This series of patches fixes problems discovered in libxl migration.
The first patch fixes an issue that went undetected while testing the
initial implementation of migration. Receiving migration data occurs
in the context of an event loop callback, effectively blocking the
event loop during the entire migration process. The patch moves the
work of receiving migration data to a thread.
Interestingly, this issue manifested in a failed migration due to failed
keepalives, which would kill virsh's connection to dst host. The dst host
failed to respond to keepalives since its event loop was blocked on
receiving migration data. Ultimately the migration perform phase would
succeed leaving a running domain on dst. However, the subsequent finish
phase would fail since virsh's connection to dst had been killed by the
keepalive failure. Since finish failed, the confirm phase would resume
the domain on src. Yikes! Same domain running on two different hosts :(.

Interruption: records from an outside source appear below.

(* Let $r\geq 2$. There exists $c=c(r)>0$ such that the following holds. Let $H$ be an $r$-uniform hypergraph on $n$ vertices of average degree $d$, where $1\leq d\leq \frac{1}{2}\binom{n-1}{r-1}$. Then $\mathrm{disc}(H)\geq c\sqrt{d}\,n$.
   Context: For an $r$-uniform hypergraph $H$ on $n$ vertices with edge density $p=|E(H)|/\binom{n}{r}$ and $U\subset V(H)$, let $e(U)$ be the number of edges of $H$ contained in $U$ and $\mathrm{disc}(U)=e(U)-p\binom{|U|}{r}$. The discrepancy is $\mathrm{disc}(H)=\max_{U\subset V(H)}|\mathrm{disc}(U)|$. The average degree is $d=r|E(H)|/n$. *)

theory Defs
  imports Complex_Main
begin

definition uniform_hypergraph :: "nat \<Rightarrow> 'a set \<Rightarrow> 'a set set \<Rightarrow> bool" where
  "uniform_hypergraph r V E \<longleftrightarrow> finite V \<and> (\<forall>e\<in>E. e \<subseteq> V \<and> card e = r)"

definition hg_density :: "nat \<Rightarrow> 'a set \<Rightarrow> 'a set set \<Rightarrow> real" where
  "hg_density r V E = real (card E) / real (card V choose r)"

definition hg_edges_in :: "'a set set \<Rightarrow> 'a set \<Rightarrow> nat" where
  "hg_edges_in E U = card {e \<in> E. e \<subseteq> U}"

definition hg_disc_set :: "nat \<Rightarrow> 'a set \<Rightarrow> 'a set set \<Rightarrow> 'a set \<Rightarrow> real" where
  "hg_disc_set r V E U = real (hg_edges_in E U) - hg_density r V E * real (card U choose r)"

definition hg_disc :: "nat \<Rightarrow> 'a set \<Rightarrow> 'a set set \<Rightarrow> real" where
  "hg_disc r V E = Max ((\<lambda>U. \<bar>hg_disc_set r V E U\<bar>) ` Pow V)"

definition hg_avg_degree :: "nat \<Rightarrow> 'a set \<Rightarrow> 'a set set \<Rightarrow> real" where
  "hg_avg_degree r V E = real r * real (card E) / real (card V)"

end

(*
  Let f(T) = [T in E] - p for the r-subsets T of V, so that disc(U) is the sum of f over the
  r-subsets of U. If the vertices of degree at least 2^(r+2) d carry half of the total degree,
  adding a uniformly random set of the remaining vertices to them gives discrepancy at least
  d n / 2^(r+2). Otherwise the light vertices carry half of it; colour V uniformly at random
  with r colours. For v of colour 0, the sum of f over the rainbow r-sets {v} + S with S inside
  a set X of vertices of positive colour is, as a function of X, a polynomial of degree r - 1
  whose top coefficients equal 1 - p >= 1/2 on the rainbow links of v. By the Bonami lemma its
  mean absolute value is at least 6^-r times the square root of the number of these links,
  while inclusion-exclusion over the colours bounds the sum over v of these absolute values by
  2^(r+1) disc(H). A light vertex has fewer than 2^(r+2) d links, so averaging over the
  colourings yields disc(H) >= c sqrt(d) n.
*)

theory Submission
  imports Defs "HOL-Analysis.Convex"
begin

section \<open>Averages over the Boolean cube\<close>

definition cube_avg :: "'a set \<Rightarrow> ('a set \<Rightarrow> real) \<Rightarrow> real" where
  "cube_avg A F = (\<Sum>X\<in>Pow A. F X) / 2 ^ card A"

lemma sum_Pow_insert:
  assumes "finite A" "w \<notin> A"
  shows "(\<Sum>X\<in>Pow (insert w A). F X) = (\<Sum>X\<in>Pow A. F X + F (insert w X))"
proof -
  have inj: "inj_on (insert w) (Pow A)"
    using assms(2) by (auto simp: inj_on_def)
  have disj: "Pow A \<inter> insert w ` Pow A = {}"
    using assms(2) by auto
  have "(\<Sum>X\<in>Pow (insert w A). F X) = (\<Sum>X\<in>Pow A. F X) + (\<Sum>X\<in>insert w ` Pow A. F X)"
    unfolding Pow_insert using assms(1) disj by (intro sum.union_disjoint) auto
  also have "(\<Sum>X\<in>insert w ` Pow A. F X) = (\<Sum>X\<in>Pow A. F (insert w X))"
    using inj by (simp add: sum.reindex)
  finally show ?thesis
    by (simp add: sum.distrib)
qed

lemma cube_avg_insert:
  assumes "finite A" "w \<notin> A"
  shows "cube_avg (insert w A) F = cube_avg A (\<lambda>X. (F X + F (insert w X)) / 2)"
  using assms unfolding cube_avg_def
  by (simp add: sum_Pow_insert sum_divide_distrib[symmetric] field_simps)

lemma cube_avg_cong: "(\<And>X. X \<subseteq> A \<Longrightarrow> F X = G X) \<Longrightarrow> cube_avg A F = cube_avg A G"
  unfolding cube_avg_def by (metis PowD sum.cong)

lemma cube_avg_add: "cube_avg A (\<lambda>X. F X + G X) = cube_avg A F + cube_avg A G"
  unfolding cube_avg_def by (simp add: sum.distrib add_divide_distrib)

lemma cube_avg_diff: "cube_avg A (\<lambda>X. F X - G X) = cube_avg A F - cube_avg A G"
  unfolding cube_avg_def by (simp add: sum_subtractf diff_divide_distrib)

lemma cube_avg_cmult: "cube_avg A (\<lambda>X. c * F X) = c * cube_avg A F"
  unfolding cube_avg_def by (simp add: sum_distrib_left)
lemma fps_deriv_compose_subordination:
  fixes N u p :: "complex fps"
  assumes u0: "u $ 0 = 0" and up: "u * p = fps_X" and Nu: "N oo u = p"
  shows "(fps_deriv (fps_X * N) oo u) * (p - fps_X * fps_deriv p) = p * p"
proof -
  have "(fps_X * N) oo u = fps_X"
    using up Nu by (simp add: fps_compose_mult_distrib[OF u0] fps_X_fps_compose_startby0[OF u0])
  then have chain: "(fps_deriv (fps_X * N) oo u) * fps_deriv u = 1"
    using fps_compose_deriv[OF u0, of "fps_X * N"] by simp
  have "u * fps_deriv p + fps_deriv u * p = 1"
    using arg_cong[OF up, of fps_deriv] by simp
  then have "p - fps_X * fps_deriv p = p * (u * fps_deriv p + fps_deriv u * p) - u * p * fps_deriv p"
    by (simp add: up)
  also have "\<dots> = fps_deriv u * p * p"
    by (simp add: algebra_simps)
  finally have "p - fps_X * fps_deriv p = fps_deriv u * p * p" .
  then show ?thesis
    using chain by (simp add: mult.assoc[symmetric])
qed
(* Let $((\mathcal{S},\mathcal{T}),(\mathcal{U},\mathcal{V}))$ be a twin cotorsion pair on a triangulated category $\mathcal{C}$, and put $\mathcal{W}=\mathcal{U}\cap\mathcal{T}$, $\mathcal{C}^+=\mathcal{W}*\mathcal{V}[1]$, $\mathcal{C}^-=\mathcal{S}[-1]*\mathcal{W}$, $\mathcal{H}=\mathcal{C}^+\cap\mathcal{C}^-$. Then $\mathcal{H}\cap(\mathcal{U}*\mathcal{T})=\mathcal{W}$.
   Context: For full subcategories $\mathcal{X},\mathcal{Y}$, $\mathcal{X}*\mathcal{Y}$ is the full subcategory of objects $C$ admitting a distinguished triangle $X\to C\to Y\to X[1]$ with $X\in\mathcal{X}$, $Y\in\mathcal{Y}$. A cotorsion pair $(\mathcal{A},\mathcal{B})$: full subcategories closed under isomorphisms, finite direct sums and summands with $\mathcal{C}=\mathcal{A}*\mathcal{B}[1]$ and $\mathcal{C}(\mathcal{A},\mathcal{B}[1])=0$. A twin cotorsion pair $((\mathcal{S},\mathcal{T}),(\mathcal{U},\mathcal{V}))$ consists of two cotorsion pairs with $\mathcal{C}(\mathcal{S},\mathcal{V}[1])=0$. *)

theory Defs
  imports Main
begin

text \<open>A (small) additive category with an automorphism (the shift [1], with inverse [-1])
and a class of distinguished triangles. Composition: cmp C g f means g after f.\<close>

record ('o, 'm) tricat =
  Obj   :: "'o set"
  Mor   :: "'m set"
  dom   :: "'m \<Rightarrow> 'o"
  cod   :: "'m \<Rightarrow> 'o"
  cmp   :: "'m \<Rightarrow> 'm \<Rightarrow> 'm"
  idm   :: "'o \<Rightarrow> 'm"
  madd  :: "'m \<Rightarrow> 'm \<Rightarrow> 'm"
  mzero :: "'o \<Rightarrow> 'o \<Rightarrow> 'm"
  mneg  :: "'m \<Rightarrow> 'm"
  shO   :: "'o \<Rightarrow> 'o"
  shM   :: "'m \<Rightarrow> 'm"
  ushO  :: "'o \<Rightarrow> 'o"
  ushM  :: "'m \<Rightarrow> 'm"
  dist  :: "('o \<times> 'o \<times> 'o \<times> 'm \<times> 'm \<times> 'm) set"

definition hom :: "('o, 'm, 'x) tricat_scheme \<Rightarrow> 'o \<Rightarrow> 'o \<Rightarrow> 'm set" where
  "hom C X Y = {f \<in> Mor C. dom C f = X \<and> cod C f = Y}"

definition category :: "('o, 'm, 'x) tricat_scheme \<Rightarrow> bool" where
  "category C \<longleftrightarrow>
     (\<forall>f\<in>Mor C. dom C f \<in> Obj C \<and> cod C f \<in> Obj C) \<and>
     (\<forall>X\<in>Obj C. idm C X \<in> hom C X X) \<and>
     (\<forall>X Y Z f g. f \<in> hom C X Y \<longrightarrow> g \<in> hom C Y Z \<longrightarrow> cmp C g f \<in> hom C X Z) \<and>
     (\<forall>W X Y Z f g h. f \<in> hom C W X \<longrightarrow> g \<in> hom C X Y \<longrightarrow> h \<in> hom C Y Z \<longrightarrow>
        cmp C h (cmp C g f) = cmp C (cmp C h g) f) \<and>
     (\<forall>X Y f. f \<in> hom C X Y \<longrightarrow> cmp C f (idm C X) = f \<and> cmp C (idm C Y) f = f)"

Patches 2 and 3 improve handling of errors in the event the perform or
finish phases of migration fail. See the individual patches for details.
Jim Fehlig (3):
libxl: Receive migration data in a thread
libxl: start domain paused on migration dst
libxl: destroy domain in migration finish phase on failure
src/libxl/libxl_migration.c | 75 ++++++++++++++++++++++++++++++---------------
1 file changed, 51 insertions(+), 24 deletions(-)
--
1.8.4.5